Task statement> Where the listing below reaches the line containing "f x \<ge> \<langle>x, x\<rangle>", start writing out lines exactly, and stop once the line containing "y)) \<le> ereal ((1" has been written.
#####
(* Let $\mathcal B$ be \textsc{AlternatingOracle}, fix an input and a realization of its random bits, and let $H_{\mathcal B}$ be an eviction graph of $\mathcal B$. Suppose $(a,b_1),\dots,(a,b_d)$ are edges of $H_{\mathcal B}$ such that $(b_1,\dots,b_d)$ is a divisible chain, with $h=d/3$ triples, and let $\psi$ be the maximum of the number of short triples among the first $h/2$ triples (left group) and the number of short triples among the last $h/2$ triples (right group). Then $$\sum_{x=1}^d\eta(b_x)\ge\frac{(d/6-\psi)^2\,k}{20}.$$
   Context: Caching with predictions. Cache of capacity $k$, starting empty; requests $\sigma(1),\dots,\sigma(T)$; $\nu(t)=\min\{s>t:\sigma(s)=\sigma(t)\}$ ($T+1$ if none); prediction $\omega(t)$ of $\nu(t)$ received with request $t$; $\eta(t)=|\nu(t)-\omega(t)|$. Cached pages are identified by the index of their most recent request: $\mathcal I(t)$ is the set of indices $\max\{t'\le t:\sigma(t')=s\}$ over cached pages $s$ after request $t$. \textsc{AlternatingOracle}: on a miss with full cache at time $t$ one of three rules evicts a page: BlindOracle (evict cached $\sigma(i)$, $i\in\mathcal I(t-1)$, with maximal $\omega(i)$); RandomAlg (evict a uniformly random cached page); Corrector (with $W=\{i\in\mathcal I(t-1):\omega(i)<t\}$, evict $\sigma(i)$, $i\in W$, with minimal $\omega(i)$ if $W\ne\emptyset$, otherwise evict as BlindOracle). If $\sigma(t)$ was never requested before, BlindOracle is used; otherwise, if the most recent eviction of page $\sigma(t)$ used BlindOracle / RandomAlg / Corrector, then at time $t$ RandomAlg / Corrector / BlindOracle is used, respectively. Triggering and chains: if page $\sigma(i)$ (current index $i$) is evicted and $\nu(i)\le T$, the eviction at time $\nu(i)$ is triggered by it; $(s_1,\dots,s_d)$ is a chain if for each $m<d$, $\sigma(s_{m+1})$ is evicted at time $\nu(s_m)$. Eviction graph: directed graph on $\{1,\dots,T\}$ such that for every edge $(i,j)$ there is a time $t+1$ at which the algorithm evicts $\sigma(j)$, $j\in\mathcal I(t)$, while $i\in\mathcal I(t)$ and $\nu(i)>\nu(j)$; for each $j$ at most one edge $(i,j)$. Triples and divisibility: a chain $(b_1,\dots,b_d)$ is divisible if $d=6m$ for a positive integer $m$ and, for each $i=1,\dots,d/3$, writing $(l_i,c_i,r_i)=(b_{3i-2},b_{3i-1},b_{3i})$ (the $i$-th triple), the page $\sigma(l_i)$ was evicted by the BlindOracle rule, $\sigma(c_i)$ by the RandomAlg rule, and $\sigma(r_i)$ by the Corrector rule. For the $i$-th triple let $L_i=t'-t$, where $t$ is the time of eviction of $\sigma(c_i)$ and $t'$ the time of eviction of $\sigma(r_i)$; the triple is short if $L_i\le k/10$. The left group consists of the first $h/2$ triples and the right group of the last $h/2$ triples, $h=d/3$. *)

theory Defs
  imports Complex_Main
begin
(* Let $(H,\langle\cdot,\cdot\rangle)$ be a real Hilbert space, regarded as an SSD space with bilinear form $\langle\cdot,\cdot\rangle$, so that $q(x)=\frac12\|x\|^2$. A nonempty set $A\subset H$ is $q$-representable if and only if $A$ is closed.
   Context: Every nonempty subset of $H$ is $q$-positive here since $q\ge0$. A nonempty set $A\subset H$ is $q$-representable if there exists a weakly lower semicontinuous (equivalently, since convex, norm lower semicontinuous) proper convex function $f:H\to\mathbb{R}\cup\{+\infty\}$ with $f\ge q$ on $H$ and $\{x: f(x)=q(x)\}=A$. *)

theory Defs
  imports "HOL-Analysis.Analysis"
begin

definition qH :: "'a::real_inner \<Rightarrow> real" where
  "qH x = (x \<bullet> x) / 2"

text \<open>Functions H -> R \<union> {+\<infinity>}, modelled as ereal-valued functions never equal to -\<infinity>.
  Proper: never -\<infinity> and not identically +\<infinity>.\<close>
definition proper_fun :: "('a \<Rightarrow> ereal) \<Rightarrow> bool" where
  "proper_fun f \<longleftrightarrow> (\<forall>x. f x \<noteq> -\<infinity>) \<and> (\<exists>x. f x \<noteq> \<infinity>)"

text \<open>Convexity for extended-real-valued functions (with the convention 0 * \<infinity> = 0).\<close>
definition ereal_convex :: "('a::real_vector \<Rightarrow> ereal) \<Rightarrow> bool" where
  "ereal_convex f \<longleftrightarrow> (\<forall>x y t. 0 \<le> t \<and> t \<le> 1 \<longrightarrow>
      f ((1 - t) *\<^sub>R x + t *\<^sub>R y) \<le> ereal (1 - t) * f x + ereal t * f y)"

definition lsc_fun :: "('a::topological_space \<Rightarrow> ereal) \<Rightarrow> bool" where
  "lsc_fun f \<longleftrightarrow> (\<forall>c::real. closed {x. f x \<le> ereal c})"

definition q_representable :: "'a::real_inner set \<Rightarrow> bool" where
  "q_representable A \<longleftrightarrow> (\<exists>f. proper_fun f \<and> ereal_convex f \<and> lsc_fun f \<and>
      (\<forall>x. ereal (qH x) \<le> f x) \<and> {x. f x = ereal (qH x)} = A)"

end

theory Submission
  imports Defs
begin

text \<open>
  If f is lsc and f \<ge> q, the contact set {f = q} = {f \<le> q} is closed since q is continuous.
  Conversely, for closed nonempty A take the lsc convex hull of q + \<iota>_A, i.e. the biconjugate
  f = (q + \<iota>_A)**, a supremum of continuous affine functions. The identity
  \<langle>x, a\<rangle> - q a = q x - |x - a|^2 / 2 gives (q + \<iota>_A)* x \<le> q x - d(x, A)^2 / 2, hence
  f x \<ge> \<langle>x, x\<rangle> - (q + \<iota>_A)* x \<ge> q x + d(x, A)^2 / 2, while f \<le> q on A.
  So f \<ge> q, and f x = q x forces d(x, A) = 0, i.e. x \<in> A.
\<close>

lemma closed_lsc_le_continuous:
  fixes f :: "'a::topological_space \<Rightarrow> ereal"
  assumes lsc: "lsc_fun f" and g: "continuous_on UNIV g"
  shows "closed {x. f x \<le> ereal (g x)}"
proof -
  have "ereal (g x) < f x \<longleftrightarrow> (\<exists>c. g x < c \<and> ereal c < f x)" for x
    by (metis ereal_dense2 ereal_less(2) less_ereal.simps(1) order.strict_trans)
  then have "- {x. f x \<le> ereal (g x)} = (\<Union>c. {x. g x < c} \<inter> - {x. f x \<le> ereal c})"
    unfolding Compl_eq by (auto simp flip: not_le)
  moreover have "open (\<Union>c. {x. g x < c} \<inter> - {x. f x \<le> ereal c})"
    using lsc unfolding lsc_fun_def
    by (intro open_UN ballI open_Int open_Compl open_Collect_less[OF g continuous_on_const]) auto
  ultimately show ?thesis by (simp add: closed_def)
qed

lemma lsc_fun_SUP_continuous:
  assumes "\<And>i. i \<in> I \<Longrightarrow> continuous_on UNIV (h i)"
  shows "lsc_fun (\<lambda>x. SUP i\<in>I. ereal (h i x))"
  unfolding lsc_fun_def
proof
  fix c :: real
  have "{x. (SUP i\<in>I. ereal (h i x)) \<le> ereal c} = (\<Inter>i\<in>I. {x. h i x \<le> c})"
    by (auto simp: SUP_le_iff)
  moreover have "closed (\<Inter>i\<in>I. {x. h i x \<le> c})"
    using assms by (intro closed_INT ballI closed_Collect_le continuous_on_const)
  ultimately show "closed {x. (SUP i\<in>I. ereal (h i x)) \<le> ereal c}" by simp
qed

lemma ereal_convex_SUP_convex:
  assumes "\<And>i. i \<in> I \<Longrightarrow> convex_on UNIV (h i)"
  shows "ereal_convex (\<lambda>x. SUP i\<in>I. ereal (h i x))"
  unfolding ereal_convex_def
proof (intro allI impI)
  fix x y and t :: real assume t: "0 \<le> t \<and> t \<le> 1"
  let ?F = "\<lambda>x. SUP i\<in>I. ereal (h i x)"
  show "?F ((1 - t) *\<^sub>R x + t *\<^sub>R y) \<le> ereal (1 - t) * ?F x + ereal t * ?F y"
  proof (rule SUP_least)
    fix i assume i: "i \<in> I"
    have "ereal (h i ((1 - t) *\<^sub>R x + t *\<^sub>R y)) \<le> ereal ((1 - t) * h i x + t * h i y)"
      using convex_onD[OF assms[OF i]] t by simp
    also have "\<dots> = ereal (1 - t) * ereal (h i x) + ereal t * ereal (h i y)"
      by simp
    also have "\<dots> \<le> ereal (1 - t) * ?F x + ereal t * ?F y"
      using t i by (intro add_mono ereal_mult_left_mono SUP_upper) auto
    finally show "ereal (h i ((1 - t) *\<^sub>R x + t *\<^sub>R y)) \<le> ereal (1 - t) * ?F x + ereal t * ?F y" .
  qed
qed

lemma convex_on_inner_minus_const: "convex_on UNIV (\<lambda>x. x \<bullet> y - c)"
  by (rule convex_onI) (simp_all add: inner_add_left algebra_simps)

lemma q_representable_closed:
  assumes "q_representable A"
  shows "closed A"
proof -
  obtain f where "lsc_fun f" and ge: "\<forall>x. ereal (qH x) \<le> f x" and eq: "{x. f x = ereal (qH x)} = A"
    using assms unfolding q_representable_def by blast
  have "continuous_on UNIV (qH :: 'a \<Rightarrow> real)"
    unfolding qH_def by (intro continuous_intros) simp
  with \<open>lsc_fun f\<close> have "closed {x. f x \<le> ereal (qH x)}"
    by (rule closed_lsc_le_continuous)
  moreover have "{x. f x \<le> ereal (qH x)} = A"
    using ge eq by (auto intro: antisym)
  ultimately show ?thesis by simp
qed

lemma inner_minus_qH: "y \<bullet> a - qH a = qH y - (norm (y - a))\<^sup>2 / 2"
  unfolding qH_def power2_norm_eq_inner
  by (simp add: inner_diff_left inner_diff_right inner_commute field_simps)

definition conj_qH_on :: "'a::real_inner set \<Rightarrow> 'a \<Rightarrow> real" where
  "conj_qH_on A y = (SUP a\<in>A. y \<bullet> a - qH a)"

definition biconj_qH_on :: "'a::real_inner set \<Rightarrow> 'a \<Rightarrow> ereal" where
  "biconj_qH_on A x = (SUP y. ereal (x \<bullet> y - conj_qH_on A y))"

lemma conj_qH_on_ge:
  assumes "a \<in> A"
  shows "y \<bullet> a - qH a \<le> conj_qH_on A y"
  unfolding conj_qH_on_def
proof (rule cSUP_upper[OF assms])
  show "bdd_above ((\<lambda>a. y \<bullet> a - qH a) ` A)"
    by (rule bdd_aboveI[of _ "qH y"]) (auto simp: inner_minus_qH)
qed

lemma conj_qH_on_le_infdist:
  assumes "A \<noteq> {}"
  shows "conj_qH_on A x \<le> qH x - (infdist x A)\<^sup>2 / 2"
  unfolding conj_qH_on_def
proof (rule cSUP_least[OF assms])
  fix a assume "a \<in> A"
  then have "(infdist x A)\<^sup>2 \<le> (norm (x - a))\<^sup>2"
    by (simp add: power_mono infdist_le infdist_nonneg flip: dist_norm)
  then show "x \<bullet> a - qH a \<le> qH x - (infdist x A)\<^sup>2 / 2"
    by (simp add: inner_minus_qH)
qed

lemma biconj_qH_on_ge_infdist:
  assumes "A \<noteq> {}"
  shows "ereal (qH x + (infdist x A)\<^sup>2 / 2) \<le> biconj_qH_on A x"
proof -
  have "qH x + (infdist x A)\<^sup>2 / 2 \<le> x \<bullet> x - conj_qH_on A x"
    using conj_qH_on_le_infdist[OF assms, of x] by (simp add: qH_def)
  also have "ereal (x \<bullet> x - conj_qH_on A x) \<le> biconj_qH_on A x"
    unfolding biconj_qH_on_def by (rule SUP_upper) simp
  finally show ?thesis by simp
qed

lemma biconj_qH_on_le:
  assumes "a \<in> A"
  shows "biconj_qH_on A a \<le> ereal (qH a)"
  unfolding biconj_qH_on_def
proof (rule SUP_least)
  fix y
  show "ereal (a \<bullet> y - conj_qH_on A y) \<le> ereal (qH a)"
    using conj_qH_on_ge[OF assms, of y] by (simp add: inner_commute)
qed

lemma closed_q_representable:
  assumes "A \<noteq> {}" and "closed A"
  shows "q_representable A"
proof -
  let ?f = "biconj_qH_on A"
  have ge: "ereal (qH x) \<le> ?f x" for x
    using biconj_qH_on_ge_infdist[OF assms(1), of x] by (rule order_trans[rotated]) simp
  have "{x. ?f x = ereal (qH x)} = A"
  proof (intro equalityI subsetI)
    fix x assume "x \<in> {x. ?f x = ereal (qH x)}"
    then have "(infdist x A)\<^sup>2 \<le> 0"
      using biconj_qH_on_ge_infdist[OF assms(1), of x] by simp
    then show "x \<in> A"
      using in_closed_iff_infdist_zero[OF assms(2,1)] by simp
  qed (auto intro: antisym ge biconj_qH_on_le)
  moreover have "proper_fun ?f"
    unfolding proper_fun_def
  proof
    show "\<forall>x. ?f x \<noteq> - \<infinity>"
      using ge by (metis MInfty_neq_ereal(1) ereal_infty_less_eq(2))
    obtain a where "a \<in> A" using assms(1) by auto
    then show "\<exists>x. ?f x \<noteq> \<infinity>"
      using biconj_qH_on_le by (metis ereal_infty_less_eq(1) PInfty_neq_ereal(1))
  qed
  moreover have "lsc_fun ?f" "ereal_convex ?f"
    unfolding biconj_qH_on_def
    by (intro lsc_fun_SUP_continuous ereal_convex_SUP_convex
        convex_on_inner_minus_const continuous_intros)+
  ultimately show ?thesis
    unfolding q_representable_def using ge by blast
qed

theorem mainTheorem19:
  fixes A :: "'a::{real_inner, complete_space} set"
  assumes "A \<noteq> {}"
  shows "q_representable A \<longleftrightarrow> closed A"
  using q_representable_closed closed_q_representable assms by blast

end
#####
Exercise solution>
  f x \<ge> \<langle>x, x\<rangle> - (q + \<iota>_A)* x \<ge> q x + d(x, A)^2 / 2, while f \<le> q on A.
  So f \<ge> q, and f x = q x forces d(x, A) = 0, i.e. x \<in> A.
\<close>

lemma closed_lsc_le_continuous:
  fixes f :: "'a::topological_space \<Rightarrow> ereal"
  assumes lsc: "lsc_fun f" and g: "continuous_on UNIV g"
  shows "closed {x. f x \<le> ereal (g x)}"
proof -
  have "ereal (g x) < f x \<longleftrightarrow> (\<exists>c. g x < c \<and> ereal c < f x)" for x
    by (metis ereal_dense2 ereal_less(2) less_ereal.simps(1) order.strict_trans)
  then have "- {x. f x \<le> ereal (g x)} = (\<Union>c. {x. g x < c} \<inter> - {x. f x \<le> ereal c})"
    unfolding Compl_eq by (auto simp flip: not_le)
  moreover have "open (\<Union>c. {x. g x < c} \<inter> - {x. f x \<le> ereal c})"
    using lsc unfolding lsc_fun_def
    by (intro open_UN ballI open_Int open_Compl open_Collect_less[OF g continuous_on_const]) auto
  ultimately show ?thesis by (simp add: closed_def)
qed

lemma lsc_fun_SUP_continuous:
  assumes "\<And>i. i \<in> I \<Longrightarrow> continuous_on UNIV (h i)"
  shows "lsc_fun (\<lambda>x. SUP i\<in>I. ereal (h i x))"
  unfolding lsc_fun_def
proof
  fix c :: real
  have "{x. (SUP i\<in>I. ereal (h i x)) \<le> ereal c} = (\<Inter>i\<in>I. {x. h i x \<le> c})"
    by (auto simp: SUP_le_iff)
  moreover have "closed (\<Inter>i\<in>I. {x. h i x \<le> c})"
    using assms by (intro closed_INT ballI closed_Collect_le continuous_on_const)
  ultimately show "closed {x. (SUP i\<in>I. ereal (h i x)) \<le> ereal c}" by simp
qed

lemma ereal_convex_SUP_convex:
  assumes "\<And>i. i \<in> I \<Longrightarrow> convex_on UNIV (h i)"
  shows "ereal_convex (\<lambda>x. SUP i\<in>I. ereal (h i x))"
  unfolding ereal_convex_def
proof (intro allI impI)
  fix x y and t :: real assume t: "0 \<le> t \<and> t \<le> 1"
  let ?F = "\<lambda>x. SUP i\<in>I. ereal (h i x)"
  show "?F ((1 - t) *\<^sub>R x + t *\<^sub>R y) \<le> ereal (1 - t) * ?F x + ereal t * ?F y"
  proof (rule SUP_least)
    fix i assume i: "i \<in> I"
    have "ereal (h i ((1 - t) *\<^sub>R x + t *\<^sub>R y)) \<le> ereal ((1 - t) * h i x + t * h i y)"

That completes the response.